My coffee mug almost slipped from my grip.

When he pulled back, he locked onto Havoc for one beat. Two. Then he released me, picked up the axe, and returned to the woodpile like nothing had happened.

I stood there, breathless, face burning despite the cold.

Havoc’s eyebrows had climbed toward his hairline. “Well then.”

The axe bit into timber with a sharp crack.

“Point taken,” Havoc muttered, resuming his work with what might have been amusement flickering at the corner of his mouth.

I took a long drink of coffee. Ignored the flush still spreading across my skin. “Where’s Hellhound?”

“Making calls. Coordinating with contacts. Planning the impossible infiltration you so graciously bought us time for.”

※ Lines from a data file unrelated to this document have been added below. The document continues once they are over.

lemma abs_U_avg_le:
  assumes "0 < r" "0 \<le> t" "t \<le> 2"
  shows "\<bar>U_avg f r t\<bar> \<le> window_mass f r / r"
proof -
  have [measurable]: "f \<in> borel_measurable borel"
    using f by (rule borel_measurable_integrable_mu2)
  have "set_integrable lborel {\<bar>r - t\<bar>..r + t} (abs_density f)"
    unfolding set_integrable_def by (intro integrable_mult_indicator integrable_abs_density[OF f]) auto
  then have "\<bar>LBINT z=\<bar>r - t\<bar>..r + t. z * f z\<bar>
      \<le> (LINT z:{\<bar>r - t\<bar>..r + t}|lborel. abs_density f z)"
    by (rule abs_interval_integral_le[rotated])
       (use assms in \<open>auto simp: abs_density_def abs_mult split: split_indicator\<close>)
  also have "\<dots> \<le> window_mass f r"
    unfolding window_mass_def using assms by (intro set_integral_abs_density_mono[OF f]) auto
  finally show ?thesis
    using assms(1) by (simp add: U_avg_def abs_mult divide_right_mono)
qed

lemma abs_U_op_le: "\<bar>U_op f r\<bar> \<le> indicator {1/2<..} r * (window_mass f r / r)"
proof (cases "1/2 < r")
  case True
  have "\<bar>SUP t\<in>{t. 1 \<le> t \<and> t \<le> 2 \<and> t < 2 * r}. U_avg f r t\<bar> \<le> window_mass f r / r"
    using True by (intro cSup_abs_le) (auto intro!: abs_U_avg_le exI[of _ 1])
  then show ?thesis
    using True by (simp add: U_op_eq_SUP)
qed (simp add: U_op_eq_SUP)

lemma abs_U_op_le_norm: "\<bar>U_op f r\<bar> \<le> 2 * (\<integral>z. \<bar>f z\<bar> \<partial>mu2)"
proof (cases "1/2 < r")
  case True
  have "window_mass f r / r \<le> (\<integral>z. \<bar>f z\<bar> \<partial>mu2) / r"
    using True window_mass_le by (simp add: divide_right_mono)
  also have "\<dots> \<le> (\<integral>z. \<bar>f z\<bar> \<partial>mu2) / (1/2)"
    using True by (intro divide_left_mono) auto
  finally show ?thesis
    using abs_U_op_le[of r] True by simp
next
  case False
  then show ?thesis
    using abs_U_op_le[of r] by simp
qed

Right. The infiltration. Geneva headquarters. Dresner’s servers.

Two weeks to pull off something that would probably get them killed.

Outstanding.

“So.” The blade kept moving. Casual. Like we were discussing weather instead of life and death. “What’s your plan here? You think there’s a happily ever after waiting at the end of this?”

I blinked. “What?”

“You. Him.” He gestured vaguely with the tool. “You’re falling for a dying man with a kill switch in his brain. That’s not romance, that’s tragedy.”

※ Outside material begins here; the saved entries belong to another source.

text \<open>On a finite alphabet, addition modulo its cardinality (transported along
  an enumeration) is a ternary operation that can be solved for each argument
  when the other two are fixed.\<close>

lemma exists_permutive_operation:
  obtains F :: "'a::finite \<Rightarrow> 'a \<Rightarrow> 'a \<Rightarrow> 'a"
  where "\<forall>v k t. \<exists>u. F u v k = t" "\<forall>u k t. \<exists>v. F u v k = t" "\<forall>u v t. \<exists>k. F u v k = t"
proof -
  define n where "n = int CARD('a)"
  obtain e where e: "bij_betw e (UNIV :: 'a set) {0..<n}"
    using finite_same_card_bij[OF finite finite_atLeastLessThan_int, of "UNIV :: 'a set" 0 n]
    by (simp add: n_def) blast
  have range_e: "range e = {0..<n}" and inj_e: "inj e"
    using e by (auto simp: bij_betw_def)
  define F where "F u v k = inv_into UNIV e ((e u + e v + e k) mod n)" for u v k
  have solve_last: "\<exists>k. F u v k = t" for u v t
  proof -
    define k where "k = inv_into UNIV e ((e t - e u - e v) mod n)"
    have "(e t - e u - e v) mod n \<in> range e"
      using range_e by (simp add: n_def)
    then have "e k = (e t - e u - e v) mod n"
      by (simp add: k_def f_inv_into_f)
    then have "(e u + e v + e k) mod n = e t mod n"
      by (simp add: mod_add_right_eq)
    also have "\<dots> = e t"
      using range_e by (metis atLeastLessThan_iff mod_pos_pos_trivial rangeI)
    finally have "F u v k = t"
      by (simp add: F_def inv_into_f_f[OF inj_e])
    then show ?thesis
      by blast
  qed
  text \<open>F is symmetric, so solvability in the last argument gives the others.\<close>
  have solve_first: "\<exists>u. F u v k = t" for v k t
  proof -
    obtain u where "F k v u = t"
      using solve_last by blast
    then have "F u v k = t"
      by (simp add: F_def ac_simps)
    then show ?thesis
      by blast
  qed
  have solve_middle: "\<exists>v. F u v k = t" for u k t
  proof -
    obtain v where "F u k v = t"
      using solve_last by blast
    then have "F u v k = t"
      by (simp add: F_def ac_simps)
    then show ?thesis
      by blast
  qed
  show thesis
    by (rule that[of F]) (simp_all add: solve_first solve_middle solve_last)
qed

section \<open>Bipermutive rules have surjective global maps\<close>

context
  fixes F :: "'a \<Rightarrow> 'a \<Rightarrow> 'b \<Rightarrow> 'a" and H :: "(int \<Rightarrow> 'a) \<Rightarrow> 'b" and r :: int
  assumes radius_pos: "r \<ge> 1"
    and solve_left: "\<forall>v k t. \<exists>u. F u v k = t"
    and solve_right: "\<forall>u k t. \<exists>v. F u v k = t"
    and H_local: "local_rule (r - 1) H"
begin

text \<open>Finite approximations of a preimage of y: block k is meant on the interval
  [-r-k, r-1+k]; step k+1 chooses the value at r+k so that the output at k is
  y k, and the value at -r-1-k so that the output at -1-k is y (-1-k).  The
  values on the initial interval [-r, r-1] are arbitrary.\<close>

primrec preimage_block :: "(int \<Rightarrow> 'a) \<Rightarrow> nat \<Rightarrow> int \<Rightarrow> 'a" where
  "preimage_block y 0 = (\<lambda>_. undefined)"
| "preimage_block y (Suc k) = (let s = preimage_block y k in
     s(r + int k := SOME v. F (s (int k - r)) v (H (\<lambda>j. s (int k + j))) = y (int k),
       -r - 1 - int k := SOME u. F u (s (r - 1 - int k)) (H (\<lambda>j. s (-1 - int k + j))) = y (-1 - int k)))"

lemma preimage_block_stable:
  assumes "-r - int k \<le> j" "j \<le> r - 1 + int k" "k \<le> k'"
  shows "preimage_block y k' j = preimage_block y k j"
  using assms(3)
proof (induction k' rule: dec_induct)
  case (step m)
  have "j \<noteq> r + int m" "j \<noteq> -r - 1 - int m"
    using assms step.hyps by auto
  then show ?case
    using step.IH by (simp add: Let_def)
qed simp

definition preimage :: "(int \<Rightarrow> 'a) \<Rightarrow> int \<Rightarrow> 'a" where
  "preimage y j = preimage_block y (nat \<bar>j\<bar> + 1) j"

lemma preimage_eq_block:
  assumes "-r - int k \<le> j" "j \<le> r - 1 + int k"
  shows "preimage y j = preimage_block y k j"
proof -
  have "preimage y j = preimage_block y (max k (nat \<bar>j\<bar> + 1)) j"
    unfolding preimage_def by (rule preimage_block_stable[symmetric]) (use radius_pos in auto)
  also have "\<dots> = preimage_block y k j"
    by (rule preimage_block_stable) (use assms in auto)
  finally show ?thesis .
qed

lemma H_preimage_eq_block:
  assumes "-1 - int k \<le> i" "i \<le> int k"
  shows "H (\<lambda>j. preimage y (i + j)) = H (\<lambda>j. preimage_block y k (i + j))"
proof -
  have agree: "preimage y (i + j) = preimage_block y k (i + j)" if "\<bar>j\<bar> \<le> r - 1" for j
    by (rule preimage_eq_block) (use assms that in \<open>auto simp: abs_le_iff\<close>)
  show ?thesis
    by (rule local_ruleD[OF H_local]) (simp add: agree)
qed

text \<open>The limit has output y i at every position: at i = k \<ge> 0 this was arranged
  in step k+1 by the choice at i + r, at i = -1-k by the choice at i - r.\<close>

lemma preimage_output_nonneg:
  assumes i: "i = int k"
  shows "F (preimage y (i - r)) (preimage y (i + r)) (H (\<lambda>j. preimage y (i + j))) = y i"
proof -
  let ?s = "preimage_block y k"
  have "r + i \<noteq> -r - 1 - int k"
    using radius_pos i by simp
  then have choice: "preimage_block y (Suc k) (r + i)
      = (SOME v. F (?s (i - r)) v (H (\<lambda>j. ?s (i + j))) = y i)"
    by (simp add: Let_def i)
  have "F (?s (i - r)) (preimage_block y (Suc k) (r + i)) (H (\<lambda>j. ?s (i + j))) = y i"
    unfolding choice by (rule someI_ex) (use solve_right in blast)
  moreover have "preimage y (i - r) = ?s (i - r)"
    by (rule preimage_eq_block) (use radius_pos i in auto)
  moreover have "preimage y (i + r) = preimage_block y (Suc k) (r + i)"
    by (subst add.commute, rule preimage_eq_block) (use radius_pos i in auto)
  moreover have "H (\<lambda>j. preimage y (i + j)) = H (\<lambda>j. ?s (i + j))"
    by (rule H_preimage_eq_block) (use i in auto)
  ultimately show ?thesis
    by simp
qed

lemma preimage_output_neg:
  assumes i: "i = -1 - int k"
  shows "F (preimage y (i - r)) (preimage y (i + r)) (H (\<lambda>j. preimage y (i + j))) = y i"
proof -
  let ?s = "preimage_block y k"
  have left: "i - r = -r - 1 - int k" and right: "i + r = r - 1 - int k"
    using i by simp_all
  have choice: "preimage_block y (Suc k) (i - r)
      = (SOME u. F u (?s (r - 1 - int k)) (H (\<lambda>j. ?s (i + j))) = y i)"
    by (simp add: Let_def i left)
  have "F (preimage_block y (Suc k) (i - r)) (?s (r - 1 - int k)) (H (\<lambda>j. ?s (i + j))) = y i"
    unfolding choice by (rule someI_ex) (use solve_left in blast)
  moreover have "preimage y (i - r) = preimage_block y (Suc k) (i - r)"
    by (rule preimage_eq_block) (use radius_pos left in auto)
  moreover have "preimage y (i + r) = ?s (r - 1 - int k)"
    unfolding right by (rule preimage_eq_block) (use radius_pos in auto)
  moreover have "H (\<lambda>j. preimage y (i + j)) = H (\<lambda>j. ?s (i + j))"
    by (rule H_preimage_eq_block) (use i in auto)
  ultimately show ?thesis
    by simp
qed

theorem bipermutive_global_map_surj:
  "surj (global_map (\<lambda>w. F (w (-r)) (w r) (H w)))"
proof (rule surjI)
  fix y :: "int \<Rightarrow> 'a"
  have "F (preimage y (i - r)) (preimage y (i + r)) (H (\<lambda>j. preimage y (i + j))) = y i" for i
  proof (cases "i \<ge> 0")
    case True
    then show ?thesis
      by (intro preimage_output_nonneg[where k = "nat i"]) simp
  next
    case False
    then show ?thesis
      by (intro preimage_output_neg[where k = "nat (-i - 1)"]) simp
  qed
  then show "global_map (\<lambda>w. F (w (-r)) (w r) (H w)) (preimage y) = y"
    by (simp add: global_map_def fun_eq_iff)
qed

end

section \<open>Interpolating a finite set of values by a local rule\<close>

lemma finite_set_separated_by_window:
  fixes X :: "(int \<Rightarrow> 'a) set"
  assumes "finite X"
  obtains r :: int where "r \<ge> 1"
    and "\<And>x y. x \<in> X \<Longrightarrow> y \<in> X \<Longrightarrow> (\<forall>j. \<bar>j\<bar> < r \<longrightarrow> x j = y j) \<Longrightarrow> x = y"
proof -
  define witness where "witness x y = (SOME j. x j \<noteq> y j)" for x y :: "int \<Rightarrow> 'a"
  have witness: "x (witness x y) \<noteq> y (witness x y)" if "x \<noteq> y" for x y
  proof -
    have "\<exists>j. x j \<noteq> y j"
      using that by (auto simp: fun_eq_iff)
    then show ?thesis
      unfolding witness_def by (rule someI_ex)
  qed
  define D where "D = (\<lambda>(x, y). witness x y) ` (X \<times> X)"
  have "finite D"
    using assms by (simp add: D_def)
  then obtain k where k: "abs ` D \<subseteq> {..<k}"
    using finite_int_iff_bounded by blast
  show thesis
  proof (rule that[of "max 1 k"])
    fix x y assume xy: "x \<in> X" "y \<in> X" and agree: "\<forall>j. \<bar>j\<bar> < max 1 k \<longrightarrow> x j = y j"
    show "x = y"
    proof (rule ccontr)
      assume "x \<noteq> y"
      have "witness x y \<in> D"
        unfolding D_def using xy by (intro image_eqI[of _ _ "(x, y)"]) simp_all
      then have "\<bar>witness x y\<bar> < k"
        using k by blast
      then show False
        using agree witness[OF \<open>x \<noteq> y\<close>] by simp
    qed
  qed simp
qed
(* For every integer $\alpha$ and $m$, \[ \langle W_{m+3}\rangle^{{\rm SU}(3)_{-4}}(x;q)=\begin{cases}\dfrac{q^{m/4}}{1+q^{m/4}+q^{-m/4}}\langle W_m\rangle^{{\rm SU}(3)_{-4}}(x;q),& m=4\alpha,\\ (1+q^{\frac{m+3}{4}}+q^{\frac{2m+6}{4}})\langle W_m\rangle^{{\rm SU}(3)_{-4}}(x;q),& m=4\alpha+1,\\ -q^{\frac{3m+6}{4}}\langle W_m\rangle^{{\rm SU}(3)_{-4}}(x;q),& m=4\alpha+2,\\ -q^{\frac{3m+3}{4}}\langle W_m\rangle^{{\rm SU}(3)_{-4}}(x;q),& m=4\alpha+3.\end{cases} \]
   Context: Let $|q|<1$, $x$ a nonzero parameter, $(a;q)_\infty=\prod_{k\ge0}(1-aq^k)$. Let $s_1,s_2$ be variables and $s_3:=(s_1s_2)^{-1}$. For $m\in\mathbb{Z}$ define \[ \langle W_m\rangle^{{\rm SU}(3)_{-4}}(x;q):=\frac{(q;q)_\infty^{2}}{3!}\oint\frac{ds_1}{2\pi i s_1}\frac{ds_2}{2\pi i s_2}\prod_{\substack{i,j=1\\ i\ne j}}^3(s_is_j^{-1};q)_\infty\prod_{i=1}^3(q^{1/2}s_ix;q)_\infty(q^{1/2}s_i^{-1}x^{-1};q)_\infty\sum_{i=1}^3 s_i^m, \] where the integral denotes the constant term in $s_1,s_2$ of the integrand expanded as a formal Laurent series (equivalently the contour integral over unit circles). *)

theory Defs
  imports "HOL-Complex_Analysis.Complex_Analysis"
begin

definition qpoch :: "complex \<Rightarrow> complex \<Rightarrow> complex" where
  "qpoch a q = (\<Prod>k. 1 - a * q ^ k)"

definition svar :: "complex \<Rightarrow> complex \<Rightarrow> nat \<Rightarrow> complex" where
  "svar s1 s2 i = (if i = 0 then s1 else if i = 1 then s2 else inverse (s1 * s2))"

text \<open>Integrand of the SU(3)_{-4} Wilson line index (without the measure ds/(2 pi i s)).
  q^(1/2) is taken to be csqrt q.\<close>
definition su3_integrand :: "int \<Rightarrow> complex \<Rightarrow> complex \<Rightarrow> complex \<Rightarrow> complex \<Rightarrow> complex" where
  "su3_integrand m x q s1 s2 =
     (let s = svar s1 s2 in
       (\<Prod>i<3. \<Prod>j\<in>{..<3} - {i}. qpoch (s i / s j) q) *
       (\<Prod>i<3. qpoch (csqrt q * s i * x) q * qpoch (csqrt q * inverse (s i) * inverse x) q) *
       (\<Sum>i<3. s i powi m))"

definition W_SU3 :: "int \<Rightarrow> complex \<Rightarrow> complex \<Rightarrow> complex" where
  "W_SU3 m x q =
     (qpoch q q)\<^sup>2 / fact 3 *
     contour_integral (circlepath 0 1)
       (\<lambda>s1. contour_integral (circlepath 0 1)
          (\<lambda>s2. su3_integrand m x q s1 s2 / (2 * pi * \<i> * s2)) / (2 * pi * \<i> * s1))"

“I don’t recall asking for your opinion on my love life.”

I kept my voice even.

“You didn’t. I’m giving it.” He looked up. The teasing faded into something more serious. “I’ve seen this play out before. Good people getting attached to broken weapons. It never ends well.”

“He’s not a weapon.”

“He was built to be exactly that.” Havoc set down the carved figure. “The conditioning, the chip, the training, Oblivion designed him to kill on command. You can’t love that away, Clare. You can’t fix him with enough determination and medical expertise.”

My fingers tightened around the coffee mug. “I’m not trying to fix him.”

“No?” The scraping resumed. “Then what do you think you’re doing?”

“Keeping him alive long enough for you bastards to get those deactivation codes.” I took another drink. Bitter. Hot. Real. “What he does with the time after that is his choice.”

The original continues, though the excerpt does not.